DA: Man accused of blackmailing Letterman said transaction would look like business deal
By APTuesday, December 15, 2009
DA: Letterman suspect sought to mask blackmail
NEW YORK — A TV producer accused of trying to blackmail David Letterman for $2 million said he needed money to visit his son and would mask the transaction as a business deal, prosecutors said Tuesday.
Robert J. “Joe” Halderman also told the comedian’s lawyer he would keep copies of his information on Letterman’s love life for “protection,” worrying that he could be fired — or even killed — in retaliation for the scheme, Manhattan prosecutors said in court papers.
“The issue is your client does not want this information public,” Halderman told Letterman’s attorney in a secretly taped conversation, according to prosecutors. “I have said, for a price, I will sign a confidentiality agreement and I will not make this information public.
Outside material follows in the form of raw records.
(* Let $r\ge 2$ and $F\in\mathcal{F}_r(n)$. If $F\not\cong T_r(n)$, then there is a vertex $u\in V(F)$ such that \[ e\bigl(F[N_F(u)]\bigr)>e\bigl(T_{r-1}(d_F(u))\bigr). \]
   Context: $e(\cdot)$ is the number of edges; $N_F(u)$ and $d_F(u)$ are the neighborhood and degree of $u$ in $F$, and $F[X]$ is the induced subgraph. $T_k(m)$ is the complete $k$-partite graph on $m$ vertices with part sizes differing by at most one. The family $\mathcal{F}_r(n)$: write $n=ra+b$ with $0\le b<r$ and $a=\lfloor n/r\rfloor\ge 1$. If $b=0$, $\mathcal{F}_r(n)$ is the set of all $(r-1)a$-regular graphs on $n$ vertices. If $1\le b<r$, $\mathcal{F}_r(n)$ is the set of all graphs $G$ on $n$ vertices having a partition $V(G)=X\sqcup Y$ with $|X|=b(a+1)$, $|Y|=(r-b)a$, such that every vertex of $X$ is adjacent to every vertex of $Y$, $G[X]$ is $(b-1)(a+1)$-regular, and $G[Y]$ is $(r-b-1)a$-regular. *)

theory Defs
  imports Main
begin

type_synonym 'a graph = "'a set \<times> 'a set set"

definition verts :: "'a graph \<Rightarrow> 'a set" where "verts G = fst G"
definition edges :: "'a graph \<Rightarrow> 'a set set" where "edges G = snd G"

definition simple_graph :: "'a graph \<Rightarrow> bool" where
  "simple_graph G \<longleftrightarrow> finite (verts G) \<and>
     (\<forall>e\<in>edges G. \<exists>x y. x \<noteq> y \<and> x \<in> verts G \<and> y \<in> verts G \<and> e = {x, y})"

definition nbhd :: "'a graph \<Rightarrow> 'a \<Rightarrow> 'a set" where
  "nbhd G u = {v \<in> verts G. {u, v} \<in> edges G}"

definition degree :: "'a graph \<Rightarrow> 'a \<Rightarrow> nat" where
  "degree G u = card (nbhd G u)"

definition induced :: "'a graph \<Rightarrow> 'a set \<Rightarrow> 'a graph" where
  "induced G X = (X, {e \<in> edges G. e \<subseteq> X})"

definition num_edges :: "'a graph \<Rightarrow> nat" where
  "num_edges G = card (edges G)"

definition regular :: "'a graph \<Rightarrow> nat \<Rightarrow> bool" where
  "regular G d \<longleftrightarrow> (\<forall>v\<in>verts G. degree G v = d)"

text \<open>Turan graph T_k(m): vertices 0..m-1, vertex i in part (i mod k); parts have sizes
  differing by at most one.\<close>
definition turan :: "nat \<Rightarrow> nat \<Rightarrow> nat graph" where
  "turan k m = ({0..<m}, {{i, j} | i j. i < m \<and> j < m \<and> i mod k \<noteq> j mod k})"
(* There exists a two-way optical interference automaton (2OIA) that recognizes the language $\{a^nb^{n^2}\mid n\in\mathbb{N}\}$ in $O(|w|^3)$ time, where $|w|$ is the length of the input $w$.
   Context: A two-way optical interference automaton (2OIA) is a deterministic machine with finite state set $Q$, start state $q_0$, accepting and rejecting states, finite input alphabet $\Sigma$, and tape alphabet $\Gamma=\Sigma\cup\{\text{¢},\$\}$. On input $w=w_1\cdots w_n$ the read-only tape holds ¢$w_1\cdots w_n\$$ in cells $0,1,\dots,n+1$, scanned by a two-way head. For each cell $m$ there is a monochromatic point light source at the point $(m,0)$ of the plane; all sources have the same wavelength $\lambda$ and the same initial amplitude $A_0$, and each source is at any moment either switched off or switched on with initial phase $0$ or $\pi$. A detector is located at a grid point $(j,k)$ with $j,k\in\{0,\tfrac12,1,\tfrac32,\dots,n+1\}$, pointing towards the source array; its field of vision is the cone making angle $\pi/4$ with the vertical line through it, so it sees exactly the sources at $(m,0)$ with $|m-j|\le k$. The resultant wave at the detector is $\sum A_0 r_m^{-1}e^{i(\phi_m+2\pi r_m/\lambda)}$, summed over the switched-on sources it sees, where $r_m$ is the distance from the source to the detector and $\phi_m\in\{0,\pi\}$ the source's phase; the detector outputs $\underline{1}$ if this resultant is nonzero and $\underline{0}$ otherwise. The transition function $\delta:Q\times\Gamma\times\{\underline0,\underline1\}\to Q\times\{\text{left},\text{right},\text{stay}\}\times\{\text{left},\text{right},\text{up},\text{down},\text{stay}\}\times\{\mathrm{toggle}(0),\mathrm{toggle}(\pi),-\}$ maps (state, scanned symbol, detector output) to a new state, a move of the head by one cell, a move of the detector by one grid step (of length $1/2$), and an action on the source of the currently scanned cell: $\mathrm{toggle}(\phi)$ switches it on with phase $\phi$ if it is off and switches it off if it is on; $-$ does nothing. Initially all sources are off, the machine is in $q_0$, the head is on cell $0$, and the detector is at a prescribed initial grid position. For a given source, a maximal sequence of toggles at consecutive time steps is called non-transient if its length is odd; there is a constant $k$ such that the machine crashes if it attempts a non-transient toggle sequence on a single source for the $(k+1)$-th time. The machine accepts when it is in an accepting state with detector output $\underline0$. Its running time is the total number of moves made by the head plus the number of moves made by the detector. A 2OIA recognizes a language $L$ if it accepts every input in $L$ and rejects every input not in $L$. *)

theory Defs
  imports Complex_Main
begin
That’s, that’s the deal.”
A judge is expected to rule next month on Halderman’s argument for dismiss the attempted grand larceny case, which prompted Letterman to disclose on-air that he had had affairs with staffers.
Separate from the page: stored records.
lemma weierstrass_product_inequality:
  fixes a :: "nat \<Rightarrow> real"
  assumes "finite A" "\<And>k. k \<in> A \<Longrightarrow> 0 \<le> a k \<and> a k \<le> 1"
  shows "1 - (\<Sum>k\<in>A. a k) \<le> (\<Prod>k\<in>A. (1 - a k)) \<and> (\<Prod>k\<in>A. (1 - a k)) \<le> 1 \<and> 0 \<le> (\<Prod>k\<in>A. (1 - a k))"
  using assms
proof (induction A rule: finite_induct)
  case empty then show ?case by simp
next
  case (insert x F)
  let ?P = "\<Prod>k\<in>F. (1 - a k)" and ?S = "\<Sum>k\<in>F. a k"
  have IH: "1 - ?S \<le> ?P" "?P \<le> 1" "0 \<le> ?P" using insert by auto
  have ax: "0 \<le> a x" "a x \<le> 1" using insert by auto
  have "0 \<le> a x * ?P" using ax IH by simp
  moreover have "a x * ?P \<le> a x" using ax IH mult_left_le by blast
  ultimately have "1 - (a x + ?S) \<le> (1 - a x) * ?P"
    using IH by (simp add: algebra_simps)
  moreover have "(1 - a x) * ?P \<le> 1" using ax IH by (simp add: mult_le_one)
  moreover have "0 \<le> (1 - a x) * ?P" using ax IH by simp
  ultimately show ?case using insert by simp
qed

lemma sum_power_greaterThan_le:
  fixes Q :: real assumes Q: "0 \<le> Q" "Q < 1"
  shows "(\<Sum>k\<in>{a<..b}. Q^k) \<le> Q^(Suc a) / (1 - Q)"
proof (cases "a < b")
  case True
  have e: "{a<..b} = {Suc a..b}" by auto
  have "(1 - Q) * (\<Sum>k\<in>{Suc a..b}. Q^k) = Q^(Suc a) - Q^(Suc b)"
    using True by (intro sum_gp_multiplied) simp
  also have "\<dots> \<le> Q^(Suc a)" using Q by simp
  finally show ?thesis unfolding e using Q by (simp add: field_simps)
next
  case False
  then have "{a<..b} = {}" by auto
  then show ?thesis using Q by simp
qed

lemma qbinomial_central_qpoch:
  assumes Q: "0 \<le> Q" "Q < 1" and i: "i \<le> n"
  shows "qbinomial Q (2*n) (n+i) * qpoch Q n = (\<Prod>k\<in>{n+i<..2*n}. (1 - Q^k)) * (\<Prod>k\<in>{n-i<..n}. (1 - Q^k))"
proof -
  define P1 where "P1 = (\<Prod>k\<in>{n+i<..2*n}. (1 - Q^k))"
  define P2 where "P2 = (\<Prod>k\<in>{n-i<..n}. (1 - Q^k))"
  have pos: "qpoch Q (n+i) > 0" "qpoch Q (n-i) > 0" using qpoch_pos Q by auto
  have r1: "qpoch Q (2*n) = qpoch Q (n+i) * P1" unfolding P1_def using i by (intro qpoch_split) simp
  have r2: "qpoch Q n = qpoch Q (n-i) * P2" unfolding P2_def using i by (intro qpoch_split) simp
  have "qbinomial Q (2*n) (n+i) * qpoch Q (n+i) * qpoch Q (2*n - (n+i)) = qpoch Q (2*n)"
    using i by (intro qbinomial_qpoch) simp
  moreover have "2*n - (n+i) = n - i" by simp
  ultimately have "qbinomial Q (2*n) (n+i) * qpoch Q (n+i) * qpoch Q (n-i) = qpoch Q (n+i) * P1"
    using r1 by simp
  then have "qpoch Q (n+i) * qpoch Q (n-i) * (qbinomial Q (2*n) (n+i) * qpoch Q n)
      = qpoch Q (n+i) * qpoch Q (n-i) * (P1 * P2)"
    using r2 by (simp add: algebra_simps)
  then show ?thesis using pos unfolding P1_def P2_def by simp
qed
Halderman says he was just shopping a thinly veiled screenplay about Letterman’s life to the late-night TV icon. The Manhattan District Attorney’s office says his conduct and comments make it clear his goal was hush money to keep quiet about Letterman’s dalliances.
In sometimes scattered remarks to Letterman’s lawyer, Halderman lamented that he couldn’t afford to go see a son who lives 2,000 miles away, insisted on rigging up a contract and getting paid by check in case of a tax audit and worried that Letterman might engineer his firing or worse in revenge, according to accounts in prosecutors’ filing Tuesday.
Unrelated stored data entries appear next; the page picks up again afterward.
lemma theta_eventually:
  fixes w :: "nat \<Rightarrow> real"
  assumes w: "\<And>N. w N > 0" and lim: "(\<lambda>N. w N / (ln (real N))\<^sup>2) \<longlonglongrightarrow> 0"
  shows "eventually (\<lambda>N. 1 \<le> theta w N \<and> theta w N \<le> 2
    \<and> sqrt (w N / 2) \<le> real N powr (1/3) * dd (theta w N) N N) sequentially"
proof -
  have "eventually (\<lambda>N. w N / (ln (real N))\<^sup>2 < 1) sequentially"
    using lim by (intro order_tendstoD(2)) auto
  moreover have "eventually (\<lambda>N. 0 < ln (real N)) sequentially"
    by real_asymp
  moreover have "eventually (\<lambda>N. (ln (real N))\<^sup>2 \<le> real N powr (2/3)) sequentially"
    by real_asymp
  moreover have "eventually (\<lambda>N. N \<ge> 1) sequentially"
    by (rule eventually_ge_at_top)
  ultimately show ?thesis
  proof eventually_elim
    case (elim N)
    define v where "v = real N powr (-2/3) * w N"
    have "w N \<le> real N powr (2/3)"
      using elim by (simp add: divide_less_eq)
    then have "0 < v" "v \<le> 1"
      using w[of N] elim by (simp_all add: v_def powr_minus divide_le_eq field_simps)
    have "(real N powr (1/3))\<^sup>2 = real N powr (2/3)"
      using elim powr_power[of "real N" "1/3" 2] by simp
    then have "(real N powr (1/3))\<^sup>2 * v = (real N powr (2/3) * real N powr (-2/3)) * w N"
      by (simp add: v_def)
    also have "\<dots> = w N"
      using elim by (simp flip: powr_add)
    finally have "sqrt (w N / 2) = sqrt ((real N powr (1/3))\<^sup>2 * (v / 2))"
      by simp
    also have "\<dots> = real N powr (1/3) * sqrt (v / 2)"
      by (simp only: real_sqrt_mult real_sqrt_abs abs_of_nonneg powr_ge_zero)
    also have "\<dots> \<le> real N powr (1/3) * dd (theta w N) N N"
      using dd_last_ge[OF \<open>0 < v\<close> \<open>v \<le> 1\<close>, of N] elim by (simp add: theta_def v_def mult_left_mono)
    finally show ?case
      using \<open>0 < v\<close> \<open>v \<le> 1\<close> by (simp add: theta_def v_def)
  qed
qed

lemma nat_floor_bounds:
  fixes x :: real
  assumes "x \<ge> 2"
  shows "x / 2 \<le> real (nat \<lfloor>x\<rfloor>)" "real (nat \<lfloor>x\<rfloor>) \<le> x" "1 \<le> nat \<lfloor>x\<rfloor>"
  using assms by linarith+

lemma edge_grid_count_le:
  fixes m L \<theta> :: real and h :: nat
  assumes "m > 0" "L > 0" "m ^ 3 = real N" "\<theta>\<^sup>2 \<le> 4" "m / L ^ 4 / 2 \<le> real h"
  shows "real N * \<theta>\<^sup>2 * (L\<^sup>2 / m)\<^sup>2 / real h \<le> 8 * L ^ 8"
proof -
  have "real N * \<theta>\<^sup>2 * (L\<^sup>2 / m)\<^sup>2 = m * \<theta>\<^sup>2 * L ^ 4"
    using \<open>m > 0\<close> by (simp add: \<open>m ^ 3 = real N\<close>[symmetric] power2_eq_square eval_nat_numeral field_simps)
  also have "\<dots> \<le> m * 4 * L ^ 4"
    using assms by (intro mult_right_mono mult_left_mono) auto
  finally have "real N * \<theta>\<^sup>2 * (L\<^sup>2 / m)\<^sup>2 / real h \<le> m * 4 * L ^ 4 / (m / L ^ 4 / 2)"
    using assms by (intro frac_le) auto
  also have "\<dots> = 8 * L ^ 8"
    using assms by (simp add: field_simps)
  finally show ?thesis .
qed

lemma xi_tail_edge_le:
  fixes \<alpha> \<epsilon> m d v :: real
  assumes "\<alpha> > 0" "m > 0" "m ^ 3 = real N" "d > 0" "sqrt (v / 2) \<le> m * d"
  shows "xi_tail \<alpha> N (1 / d) (\<epsilon> / (2 * m))
    \<le> 2 * exp (- (\<epsilon>\<^sup>2 / (64 * \<alpha> * sqrt 2)) * sqrt v) + 2 * exp (- (\<epsilon> / (2 * m)) * (sqrt (real N) / (2 * \<alpha>)) / 2)"
proof -
  have "(\<epsilon> / (2 * m))\<^sup>2 * real N = \<epsilon>\<^sup>2 * m / 4"
    using \<open>m > 0\<close> by (simp add: \<open>m ^ 3 = real N\<close>[symmetric] power2_eq_square eval_nat_numeral)
  moreover have "real N = m * m * m" "real N > 0"
    using \<open>m > 0\<close> by (simp_all flip: \<open>m ^ 3 = real N\<close> add: power3_eq_cube)
  ultimately have exponent: "\<epsilon>\<^sup>2 / (64 * \<alpha>) * (m * d) = (\<epsilon> / (2 * m))\<^sup>2 / (4 * (4 * \<alpha> * (1 / d) / real N))"
    using assms by (simp add: field_simps power2_eq_square)
  have "\<epsilon>\<^sup>2 / (64 * \<alpha> * sqrt 2) * sqrt v = \<epsilon>\<^sup>2 / (64 * \<alpha>) * sqrt (v / 2)"
    by (simp add: real_sqrt_divide)
  also have "\<dots> \<le> \<epsilon>\<^sup>2 / (64 * \<alpha>) * (m * d)"
    using assms by (intro mult_left_mono) auto
  finally show ?thesis
    unfolding exponent by (simp add: xi_tail_def subexp_tail_def)
qed

definition chain_tail_majorant :: "real \<Rightarrow> real \<Rightarrow> (nat \<Rightarrow> real) \<Rightarrow> nat \<Rightarrow> real" where
  "chain_tail_majorant \<alpha> \<epsilon> w N =
     real N * xi_tail \<alpha> N (1 / ((ln (real N))\<^sup>2 / real N powr (1/3))) (\<epsilon> / (2 * real N powr (1/3)))
     + (8 * ln (real N) ^ 8 + 1) * (2 * exp (- (\<epsilon>\<^sup>2 / (64 * \<alpha> * sqrt 2)) * sqrt (w N))
         + 2 * exp (- (\<epsilon> / (2 * real N powr (1/3))) * (sqrt (real N) / (2 * \<alpha>)) / 2))
     + real N * xi_tail \<alpha> N (3 * (real N powr (1/3) / ln (real N) ^ 4)) (\<epsilon> / (2 * real N powr (1/3)))"

lemma chain_tail_majorant_tendsto_zero:
  fixes w :: "nat \<Rightarrow> real"
  assumes "\<alpha> > 0" "\<epsilon> > 0" and w: "\<And>N. w N > 0" and lim: "(\<lambda>N. (ln (ln (real N)))\<^sup>2 / w N) \<longlonglongrightarrow> 0"
  shows "chain_tail_majorant \<alpha> \<epsilon> w \<longlonglongrightarrow> 0"
proof -
  define c where "c = \<epsilon>\<^sup>2 / (64 * \<alpha> * sqrt 2)"
  have "c > 0"
    using assms by (simp add: c_def)
  have "(\<lambda>N. 16 * (ln (real N) ^ 8 * exp (- c * sqrt (w N))) + 2 * (ln (real N) ^ 0 * exp (- c * sqrt (w N))))
      \<longlonglongrightarrow> 16 * 0 + 2 * 0"
    by (intro tendsto_intros powr_ln_mult_exp_neg_sqrt_tendsto_zero[OF w lim \<open>c > 0\<close>])
  then have "(\<lambda>N. (8 * ln (real N) ^ 8 + 1) * (2 * exp (- c * sqrt (w N)))) \<longlonglongrightarrow> 0"
    by (simp add: algebra_simps)
  moreover have "(\<lambda>N. real N * xi_tail \<alpha> N (1 / ((ln (real N))\<^sup>2 / real N powr (1/3))) (\<epsilon> / (2 * real N powr (1/3))))
      \<longlonglongrightarrow> 0"
    using assms unfolding xi_tail_def subexp_tail_def by real_asymp
  moreover have "(\<lambda>N. (8 * ln (real N) ^ 8 + 1)
      * (2 * exp (- (\<epsilon> / (2 * real N powr (1/3))) * (sqrt (real N) / (2 * \<alpha>)) / 2))) \<longlonglongrightarrow> 0"
    using assms by real_asymp
  moreover have "(\<lambda>N. real N * xi_tail \<alpha> N (3 * (real N powr (1/3) / ln (real N) ^ 4)) (\<epsilon> / (2 * real N powr (1/3))))
      \<longlonglongrightarrow> 0"
    using assms unfolding xi_tail_def subexp_tail_def by real_asymp
  ultimately show ?thesis
    unfolding chain_tail_majorant_def c_def[symmetric] distrib_left by (intro tendsto_add_zero)
qed

lemma chain_tail_bound_le_majorant:
  fixes w :: "nat \<Rightarrow> real"
  assumes "\<alpha> > 0" and w: "\<And>N. w N > 0" and lim: "(\<lambda>N. w N / (ln (real N))\<^sup>2) \<longlonglongrightarrow> 0"
  shows "eventually (\<lambda>N. chain_tail_bound \<alpha> (theta w N) N (\<epsilon> * real N powr (-1/3) / 2)
      ((ln (real N))\<^sup>2 / real N powr (1/3)) (nat \<lfloor>real N powr (1/3) / (ln (real N))^4\<rfloor>)
    \<le> chain_tail_majorant \<alpha> \<epsilon> w N) sequentially"
proof -
  have "eventually (\<lambda>N. 2 \<le> real N powr (1/3) / ln (real N) ^ 4) sequentially"
    by real_asymp
  then show ?thesis
    using eventually_ge_at_top[of 3] theta_eventually[OF w lim]
  proof eventually_elim
    case (elim N)
    define m where "m = real N powr (1/3)"
    define L where "L = ln (real N)"
    define h where "h = nat \<lfloor>m / L ^ 4\<rfloor>"
    have "m > 0" "L > 0" "m ^ 3 = real N"
      using elim powr_power[of "real N" "1/3" 3] by (simp_all add: m_def L_def)
    have "\<epsilon> * real N powr (-1/3) / 2 = \<epsilon> / (2 * m)"
      using powr_minus_divide[of "real N" "1/3"] by (simp add: m_def)
    have h: "m / L ^ 4 / 2 \<le> real h" "real h \<le> m / L ^ 4" "h \<ge> 1"
      using nat_floor_bounds[of "m / L ^ 4"] elim by (simp_all add: h_def m_def L_def)
    have count: "real N * (theta w N)\<^sup>2 * (L\<^sup>2 / m)\<^sup>2 / real h \<le> 8 * L ^ 8"
      using \<open>m > 0\<close> \<open>L > 0\<close> \<open>m ^ 3 = real N\<close> power_mono[of "theta w N" 2 2] elim h(1)
      by (intro edge_grid_count_le) auto
    have edge: "xi_tail \<alpha> N (1 / dd (theta w N) N N) (\<epsilon> / (2 * m))
        \<le> 2 * exp (- (\<epsilon>\<^sup>2 / (64 * \<alpha> * sqrt 2)) * sqrt (w N)) + 2 * exp (- (\<epsilon> / (2 * m)) * (sqrt (real N) / (2 * \<alpha>)) / 2)"
      using xi_tail_edge_le[OF \<open>\<alpha> > 0\<close> \<open>m > 0\<close> \<open>m ^ 3 = real N\<close>, of "dd (theta w N) N N" "w N" \<epsilon>]
        dd_bounds[of "theta w N" N N] elim by (simp add: m_def)
    have "3 * real h \<le> 3 * (m / L ^ 4)"
      using h(2) by linarith
    then have increment: "xi_tail \<alpha> N (3 * real h) (\<epsilon> / (2 * m)) \<le> xi_tail \<alpha> N (3 * (m / L ^ 4)) (\<epsilon> / (2 * m))"
      using h(3) elim \<open>\<alpha> > 0\<close> by (intro xi_tail_mono) auto
    show ?case
      unfolding chain_tail_bound_def chain_tail_majorant_def \<open>\<epsilon> * real N powr (-1/3) / 2 = \<epsilon> / (2 * m)\<close>
        m_def[symmetric] L_def[symmetric] h_def[symmetric]
      using count edge increment
      by (intro add_mono mult_mono mult_left_mono) (auto simp: xi_tail_nonneg)
  qed
qed

lemma LL_exceeds_prob_tendsto_zero:
  fixes w :: "nat \<Rightarrow> real"
  assumes model: "\<And>N. tridiagonal_model M \<alpha> N (a N) (b N)" and "\<epsilon> > 0" and w: "\<And>N. w N > 0"
    and lim1: "(\<lambda>N. (ln (ln (real N)))\<^sup>2 / w N) \<longlonglongrightarrow> 0"
    and lim2: "(\<lambda>N. w N / (ln (real N))\<^sup>2) \<longlonglongrightarrow> 0"
  shows "(\<lambda>N. measure M {x \<in> space M. \<exists>i\<in>{3..N}.
    \<epsilon> * real N powr (-1/3) < \<bar>LL (theta w N) N (\<lambda>i. a N i x) (\<lambda>i. b N i x) i\<bar>}) \<longlonglongrightarrow> 0"
proof (rule tendsto_sandwich[OF _ _ tendsto_const])
  have "\<alpha> > 0"
    using tridiagonal_model.alpha_pos[OF model] .
  have "eventually (\<lambda>N. 2 \<le> real N powr (1/3) / (ln (real N))^4) sequentially"
    by real_asymp
  then show "eventually (\<lambda>N. measure M {x \<in> space M. \<exists>i\<in>{3..N}.
      \<epsilon> * real N powr (-1/3) < \<bar>LL (theta w N) N (\<lambda>i. a N i x) (\<lambda>i. b N i x) i\<bar>}
    \<le> chain_tail_majorant \<alpha> \<epsilon> w N) sequentially"
    using eventually_ge_at_top[of 3] theta_eventually[OF w lim2] chain_tail_bound_le_majorant[OF \<open>\<alpha> > 0\<close> w lim2, where \<epsilon> = \<epsilon>]
  proof eventually_elim
    case (elim N)
    have "measure M {x \<in> space M. \<exists>i\<in>{3..N}.
        \<epsilon> * real N powr (-1/3) < \<bar>LL (theta w N) N (\<lambda>i. a N i x) (\<lambda>i. b N i x) i\<bar>}
      \<le> chain_tail_bound \<alpha> (theta w N) N (\<epsilon> * real N powr (-1/3) / 2) ((ln (real N))\<^sup>2 / real N powr (1/3))
           (nat \<lfloor>real N powr (1/3) / (ln (real N))^4\<rfloor>)"
      using tridiagonal_model.LL_max_tail_le[OF model, of "theta w N" N "\<epsilon> * real N powr (-1/3) / 2"]
        nat_floor_bounds(3) elim \<open>\<epsilon> > 0\<close> by simp
    then show ?case
      using elim by linarith
  qed
  show "chain_tail_majorant \<alpha> \<epsilon> w \<longlonglongrightarrow> 0"
    by (rule chain_tail_majorant_tendsto_zero[OF \<open>\<alpha> > 0\<close> \<open>\<epsilon> > 0\<close> w lim1])
qed simp

theorem lemma6:
  fixes M :: "'s measure" and \<alpha> :: real
    and a b :: "nat \<Rightarrow> nat \<Rightarrow> 's \<Rightarrow> real" and w :: "nat \<Rightarrow> real"
  assumes "prob_space M"
    and "\<alpha> > 0"
    and indep: "\<And>N. prob_space.indep_vars M (\<lambda>_. borel)
            (\<lambda>j. case j of Inl i \<Rightarrow> a N i | Inr i \<Rightarrow> b N i)
            (Inl ` {1..N} \<union> Inr ` {1..N-1})"
    and a_distr: "\<And>N i. 1 \<le> i \<Longrightarrow> i \<le> N \<Longrightarrow>
            distributed M lborel (a N i) (\<lambda>x. ennreal (normal_density 0 (sqrt \<alpha>) x))"
    and b_nonneg: "\<And>N i x. 1 \<le> i \<Longrightarrow> i \<le> N - 1 \<Longrightarrow> x \<in> space M \<Longrightarrow> b N i x \<ge> 0"
    and b_distr: "\<And>N i. 1 \<le> i \<Longrightarrow> i \<le> N - 1 \<Longrightarrow>
            distributed M lborel (\<lambda>x. (2 / \<alpha>) * (b N i x)\<^sup>2)
              (\<lambda>x. ennreal (chi2_density (2 * real i / \<alpha>) x))"
    and "\<And>N. w N > 0"
    and "((\<lambda>N. (ln (ln (real N)))\<^sup>2 / w N) \<longlongrightarrow> 0) sequentially"
    and "((\<lambda>N. w N / (ln (real N))\<^sup>2) \<longlongrightarrow> 0) sequentially"
  shows "o_P M (\<lambda>N x. MAX i\<in>{3..N}. \<bar>LL (theta w N) N (\<lambda>i. a N i x) (\<lambda>i. b N i x) i\<bar>)
             (\<lambda>N. real N powr (-1/3))"
proof (rule o_P_Max_absI)
  have model: "tridiagonal_model M \<alpha> N (a N) (b N)" for N
    using assms by (simp add: tridiagonal_model_def tridiagonal_model_axioms_def)
  show "eventually (\<lambda>N. {3..N} \<noteq> {} \<and> real N powr (-1/3) > 0
      \<and> (\<forall>i\<in>{3..N}. (\<lambda>x. LL (theta w N) N (\<lambda>i. a N i x) (\<lambda>i. b N i x) i) \<in> borel_measurable M)) sequentially"
    using eventually_ge_at_top[of 3] by eventually_elim (auto intro: tridiagonal_model.LL_measurable[OF model])
  show "(\<lambda>N. measure M {x \<in> space M. \<exists>i\<in>{3..N}.
      \<epsilon> * real N powr (-1/3) < \<bar>LL (theta w N) N (\<lambda>i. a N i x) (\<lambda>i. b N i x) i\<bar>}) \<longlonglongrightarrow> 0"
    if "\<epsilon> > 0" for \<epsilon>
    using LL_exceeds_prob_tendsto_zero[OF model that assms(7-9)] .
qed (use prob_space.finite_measure[OF assms(1)] in simp_all)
“Should I be fired, mysteriously … if my house burns down … any number of things that, I don’t know this person, I’ve never met this person, I have no idea who or what he is or is capable of,” Halderman said, according to the court papers. He added that someone might decide “the only way to be sure that I never talk to anybody is for somebody to kill me,” the papers said. Prosecutors arranged for Letterman’s lawyer to record two meetings with Halderman.
Halderman laid out his cover story frankly, saying he would tell his accountant, “I’m optioning a screenplay. I think that’s how we should define it,” according to the papers.
Still, he expressed misgivings about the scheme, telling Letterman’s lawyer he was “not terribly impressed by” his own conduct, according to the papers.
“His efforts to define and characterize his actions as something legitimate and make the ‘deal’ appear normal are nothing more than a transparent charade,” assistant district attorneys Judy Salwen and Peirce R. Moser wrote.
Halderman’s lawyer, Gerald Shargel, stood by his contention that the exchange was aboveboard business.
“He had intellectual property relating to Letterman’s poor conduct. He had the right to sell that intellectual property,” Shargel said Tuesday.
Halderman has said in court papers that he threatened nothing more than a sale to someone else if Letterman said no.
In a package given to Letterman’s driver Sept. 9, Halderman said he needed “a large chunk of money” and described a screenplay depicting Letterman’s life unraveling after his personal life was exposed, authorities said.
The package included photos, personal letters and portions of a diary in which Halderman’s ex-girlfriend — a Letterman assistant — described an affair with the comic, law enforcement officials have said.
Halderman referred to letters, phone bills and the woman’s “confession” in the taped conversations, according to court papers.
Letterman’s lawyer has said Halderman’s message and tactics were pure extortion, noting that he delivered his package around 6 a.m. and demanded a response within two hours.
Halderman, who made about $214,000 in 2007, had said he was struggling financially because of his divorce, according to his ex-wife’s lawyers. They said in papers filed in a Connecticut court that his money troubles were due to “mismanagement and extravagant spending” on golf trips and other luxuries.
Halderman, a 52-year-old producer for CBS’ “48 Hours Mystery,” has pleaded not guilty. He could face five to 15 years in prison if convicted.
The network declined Tuesday to discuss his status there.